Sylwia Matuszczyk: Musimy stworzyć kolektyw

Szczypiornistki Firmus AZS Politechniki Koszalińskiej w pocie czoła przygotowują się do nadchodzących rozgrywek. Po sporych zmianach kadrowych, przed zespołem trudne zadanie zbudowania kolektywu.

W porównaniu z poprzednimi, jakże udanymi dla koszalińskich Akademiczek rozgrywkami, w szeregach zespołu z Pomorza doszło do aż dziesięciu zmian. Klub zdecydowały się opuścić Sołomija Sziwierska i Anna Morawiec, a karierę zakończyły Iwona Szafulska oraz Joanna Dworaczyk. Do trzeciej ekipy PGNiG Superligi przeniosło się natomiast aż sześć zawodniczek - Izabela Czarna, Justyna Borkowska, Izabela Oreszczuk, Joanna Załoga, Milena Kot i Niemka Jennifer Winter.

W obliczu tak sporych roszad kadrowych, koszalinianki czeka ponowna budowa kolektywu, który przed rokiem był mocną stroną zespołu. Uwagę na ten fakt zwraca obrotowa Sylwia Matuszczyk: - Przyszły do nas bardzo dobre zawodniczki i miejmy nadzieję, że dobrze wkomponują się w zespół i dopełnią tą zgraną paczkę, który stworzyłyśmy z dziewczynami przed rokiem.
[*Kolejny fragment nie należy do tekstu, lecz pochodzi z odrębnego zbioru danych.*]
lemma nn_integral_lborel2_mult_complex:
  fixes f :: "complex \<Rightarrow> ennreal"
  assumes [measurable]: "f \<in> borel_measurable borel" and h: "h \<noteq> 0"
  shows "(\<integral>\<^sup>+x. \<integral>\<^sup>+y. f (Complex x y * h) \<partial>lborel \<partial>lborel)
     = ennreal (1 / (cmod h)\<^sup>2) * (\<integral>\<^sup>+x. \<integral>\<^sup>+y. f (Complex x y) \<partial>lborel \<partial>lborel)"
proof -
  define u v where "u = Re h" and "v = Im h"
  have mult_eq: "Complex x y * h = Complex (u * x - v * y) (v * x + u * y)" for x y
    by (simp add: u_def v_def complex_eq_iff algebra_simps)
  have norm_eq: "(cmod h)\<^sup>2 = u\<^sup>2 + v\<^sup>2"
    by (simp add: u_def v_def cmod_power2)
  have [measurable]: "(\<lambda>(x, y). f (Complex x y)) \<in> borel_measurable (borel \<Otimes>\<^sub>M borel)"
    by measurable
  show ?thesis
  proof (cases "u = 0")
    case True
    then have "v \<noteq> 0"
      using h by (simp add: u_def v_def complex_eq_iff)
    then show ?thesis
      using nn_integral_lborel2_mult_imaginary[where f = "\<lambda>x y. f (Complex x y)"] True
      by (simp add: mult_eq norm_eq)
  next
    case False
    then show ?thesis
      using nn_integral_lborel2_mult_Re_nonzero[where f = "\<lambda>x y. f (Complex x y)"]
      by (simp add: mult_eq norm_eq)
  qed
qed

lemma cnormal_density_mult_complex:
  assumes s: "s > 0" and h: "h \<noteq> 0"
  shows "cnormal_density s x y = (cmod h)\<^sup>2
     * cnormal_density (s * (cmod h)\<^sup>2) (Re (Complex x y * h)) (Im (Complex x y * h))"
proof -
  have "(Re (Complex x y * h))\<^sup>2 + (Im (Complex x y * h))\<^sup>2 = (cmod h)\<^sup>2 * (x\<^sup>2 + y\<^sup>2)"
    unfolding cmod_power2 by (simp add: power2_eq_square algebra_simps)
  moreover have "(cmod h)\<^sup>2 > 0"
    using h by simp
  ultimately show ?thesis
    using s by (simp add: cnormal_density_def divide_simps)
qed

lemma nn_integral_cnormal_mult:
  assumes s: "s > 0" and [measurable]: "\<phi> \<in> borel_measurable borel"
  shows "(\<integral>\<^sup>+z. \<phi> (z * h) \<partial>cnormal s) = cnormal_nn_integral (s * (cmod h)\<^sup>2) \<phi>"
proof (cases "h = 0")
  case True
  interpret prob_space "cnormal s"
    using prob_space_cnormal[OF s] .
  show ?thesis
    using True by (simp add: cnormal_nn_integral_def emeasure_space_1)
next
  case False
  define r where "r = (cmod h)\<^sup>2"
  have r: "r > 0"
    using False by (simp add: r_def)
  define F where "F w = ennreal r * (\<phi> w * ennreal (cnormal_density (s * r) (Re w) (Im w)))" for w
  have [measurable]: "F \<in> borel_measurable borel"
    unfolding F_def by measurable
  have "(\<integral>\<^sup>+z. \<phi> (z * h) \<partial>cnormal s) = (\<integral>\<^sup>+x. \<integral>\<^sup>+y. F (Complex x y * h) \<partial>lborel \<partial>lborel)"
    using s r cnormal_density_mult_complex[OF s False]
    by (subst nn_integral_cnormal) (auto simp: cnormal_nn_integral_def F_def r_def ennreal_mult'
        cnormal_density_nonneg mult_ac intro!: nn_integral_cong)
  also have "\<dots> = ennreal (1 / r) * (\<integral>\<^sup>+x. \<integral>\<^sup>+y. F (Complex x y) \<partial>lborel \<partial>lborel)"
    unfolding r_def by (rule nn_integral_lborel2_mult_complex) (use False in auto)
  also have "(\<integral>\<^sup>+x. \<integral>\<^sup>+y. F (Complex x y) \<partial>lborel \<partial>lborel) = ennreal r * cnormal_nn_integral (s * r) \<phi>"
    unfolding F_def cnormal_nn_integral_def using s r by (simp add: nn_integral_cmult)
  finally show ?thesis
    using r by (simp add: r_def mult.assoc[symmetric] ennreal_mult'[symmetric])
qed

section \<open>Sums of independent complex Gaussians\<close>

lemma nn_integral_normal_convolution:
  assumes s: "s > 0" and t: "t > 0" and [measurable]: "\<psi> \<in> borel_measurable borel"
  shows "(\<integral>\<^sup>+a. \<integral>\<^sup>+b. \<psi> (a + b)
            * ennreal (cnormal_marginal_density s a * cnormal_marginal_density t b) \<partial>lborel \<partial>lborel)
       = (\<integral>\<^sup>+c. \<psi> c * ennreal (cnormal_marginal_density (s + t) c) \<partial>lborel)"
proof -
  have "(\<integral>\<^sup>+a. \<integral>\<^sup>+b. \<psi> (a + b)
            * ennreal (cnormal_marginal_density s a * cnormal_marginal_density t b) \<partial>lborel \<partial>lborel)
      = (\<integral>\<^sup>+a. \<integral>\<^sup>+c. \<psi> c
            * ennreal (cnormal_marginal_density s a * cnormal_marginal_density t (c - a)) \<partial>lborel \<partial>lborel)"
  proof (rule nn_integral_cong)
    fix a
    show "(\<integral>\<^sup>+b. \<psi> (a + b)
            * ennreal (cnormal_marginal_density s a * cnormal_marginal_density t b) \<partial>lborel)
        = (\<integral>\<^sup>+c. \<psi> c
            * ennreal (cnormal_marginal_density s a * cnormal_marginal_density t (c - a)) \<partial>lborel)"
      using nn_integral_real_affine[where c = 1 and t = a and f = "\<lambda>c. \<psi> c
            * ennreal (cnormal_marginal_density s a * cnormal_marginal_density t (c - a))"]
      by simp
  qed
  also have "\<dots> = (\<integral>\<^sup>+c. \<psi> c * (\<integral>\<^sup>+a. ennreal (cnormal_marginal_density t (c - a)
            * cnormal_marginal_density s a) \<partial>lborel) \<partial>lborel)"
    by (subst lborel_pair.Fubini', measurable, intro nn_integral_cong, subst nn_integral_cmult[symmetric])
      (auto simp: mult_ac)
  also have "\<dots> = (\<integral>\<^sup>+c. \<psi> c * ennreal (cnormal_marginal_density (s + t) c) \<partial>lborel)"
  proof (intro nn_integral_cong)
    fix c
    show "\<psi> c * (\<integral>\<^sup>+a. ennreal (cnormal_marginal_density t (c - a)
        * cnormal_marginal_density s a) \<partial>lborel) = \<psi> c * ennreal (cnormal_marginal_density (s + t) c)"
      using conv_normal_density_zero_mean[of "sqrt (t / 2)" "sqrt (s / 2)"] s t
      by (simp add: fun_eq_iff add_divide_distrib add.commute)
  qed
  finally show ?thesis .
qed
W budowie nowego charakteru drużyny pomoże także nowy szkoleniowiec, Norweg Reidar Moistad. - Przyszedł nowy trener, "świeża krew", będzie więc nowe spojrzenie na piłkę. Liczę, że wszystko dobrze zafunkcjonuje, bo jeśli nie stworzymy takiego kolektywu, jak rok temu, to nie mamy o co walczyć - stwierdza Matuszczyk. Młoda obrotowa jest dobrej myśli i liczy na owocną współpracę z zagranicznym szkoleniowcem. - Wierzę, że będziemy grały jeszcze lepiej niż w zeszłym sezonie - dodaje.

Koszalinianki przygotowują się obecnie do startujących we wrześniu rozgrywek PGNiG Superligi. W dniach 2-4 sierpnia Akademiczki wezmą udział w turnieju Baltica Summer Cup 2013 w Szczecinie.